This past spring I took a writing course. It had the amazingly succinct, yet perfectly spot-on title of “Write Anyway,” subtitle: “don’t let the bastards get you down.”
I mean, it’s perfect, right?
It turned out that Write Anyway was about way more than just writing. Because during the course and since then, I‘ve ended up taking the messages and philosophy of the course and applying them not only with my prose, but also in my life.
See, I’ve led a life that was, up until this point (and excusing maybe those first 5-6 years of life when all children are entirely self-motivated because, you know, survival and all that), one where I prioritized everyone else’s needs and wishes before addressing my own. It’s been one where I constantly second guessed myself, felt anxious about even the tiniest decisions, and intentionally kept things private because I feared criticism, embarrassment, and a sense of failure.
But I’m learning some new things now, and I’m trying some new things now too, so I took a leap and signed up for the writing course. In doing so, I challenged myself to be vulnerable and authentic and, you know, kind of, sort of legit with my writing and with myself.
Somehow it ended up feeling like participating in Write Anyway became the pinnacle of all the hard work I’ve been doing!
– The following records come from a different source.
theory Submission
  imports Defs "HOL-Analysis.Analysis"
begin

text \<open>For a fixed aggregate \<open>ab\<close> the least value of \<open>h\<close> over admissible slacks is attained
  at the componentwise smallest slack, so the problem reduces to minimising a continuous function
  of the battery trajectories of all households. Normalised to vanish beyond the horizon, these
  trajectories form a compact set, which gives a minimiser. The lifted feasible set of pairs
  \<open>(ab, s)\<close> is convex and both \<open>g\<close> and \<open>h\<close> are strictly convex, so for \<open>0 < \<kappa> < 1\<close> the
  midpoint of two optimal lifts would be strictly better unless they agree in \<open>ab\<close> and \<open>s\<close>;
  hence the optimal pair \<open>(g, h)\<close> is unique.\<close>

lemma PiE_eq_PiE_UNIV: "PiE I S = PiE UNIV (\<lambda>i. if i \<in> I then S i else {undefined})"
proof (intro set_eqI iffI)
  fix f assume "f \<in> PiE I S"
  then show "f \<in> PiE UNIV (\<lambda>i. if i \<in> I then S i else {undefined})"
    by (simp add: PiE_iff extensional_def)
next
  fix f assume "f \<in> PiE UNIV (\<lambda>i. if i \<in> I then S i else {undefined})"
  then have f: "f i \<in> (if i \<in> I then S i else {undefined})" for i
    by blast
  have "f i \<in> S i" if "i \<in> I" for i
    using f[of i] that by simp
  moreover have "f i = undefined" if "i \<notin> I" for i
    using f[of i] that by simp
  ultimately show "f \<in> PiE I S"
    by (simp add: PiE_iff extensional_def)
qed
It was like the icing on the top of a massive, multi-tiered cake I’ve been building these last few years. Like, I’m imagining that I’ve been adding layer after delicious layer of what is the most mouth-watering cake ever created. In my mind, this cake is a decadent dark chocolate and sits at least 7 tiers high. Each layer represents a momentous benchmark I’ve achieved:
Layer 1: Ending my marriage (hallelujah!).
Layer 2: Getting a mental health diagnosis and starting treatment.
Layer 3: Finding the right psychiatric meds to be on (this took sooooooo long and was sooooooo effing difficult).
Layer 4: Beginning therapy with some amazing counsellors and seeing/feeling real, authentic progress.
Layer 5: Buying my own home out in the most beautiful goddamn place and knowing that I don’t ever have to move again (can I get an amen?!).
Layer 6: Getting my first real job in almost a decade.
Layer 7: Calling myself a writer and signing up for “Write Anyway.”
Icing: Participating in said writing course (and giving it every ounce of effort and energy I could muster!).
Sprinkles (of course there are sprinkles!): Launching head/strong, sharing my story, and taking the leap into being a legit writer/blogger.
In between each of these layers would be the richest, creamiest, dark chocolate ganache, which cements everything together and makes sure that this cake doesn’t crumble or fall. Or maybe it would be custard. Or raspberry jam. Or strawberry! Mmmmmm…
Okay, okay, I’ll quit it with the cake analogy… it’s making me quite hungry, actually… The point I’m trying to make with my appetite-inducing dessert comparison is that I now finally have the confidence and the energy to just fucking WRITE ANYWAY in every single part of my life! (As in the literal sense of writing down words and in the metaphorical sense of, “we all write our own life stories.”)
I can write my own life and while I sometimes feel pangs for the life I thought I would have, or regret the words I thought I could have written better, I’m forging ahead and showing up and I’m living and writing the fuck anyway!
So thank you to Janelle Hanchett of Renegade Mothering who taught the writing course, and to the incredible and engaging women who took Write Anyway with me! Thank you for putting the icing on the cake of my accomplishments and pushing me that little bit further so I can show up and be present in my life.
I feel charged, I feel competent, I feel like taking some risks. And I know that’s the key to succeeding in life: you show up, you do your best, and you keep going even when the icing starts to melt, or someone’s stuck their thumb into the cake and fucked things up a bit.
Isn’t it amazing that life can be so delicious, even when it seems like it’s also full of shit?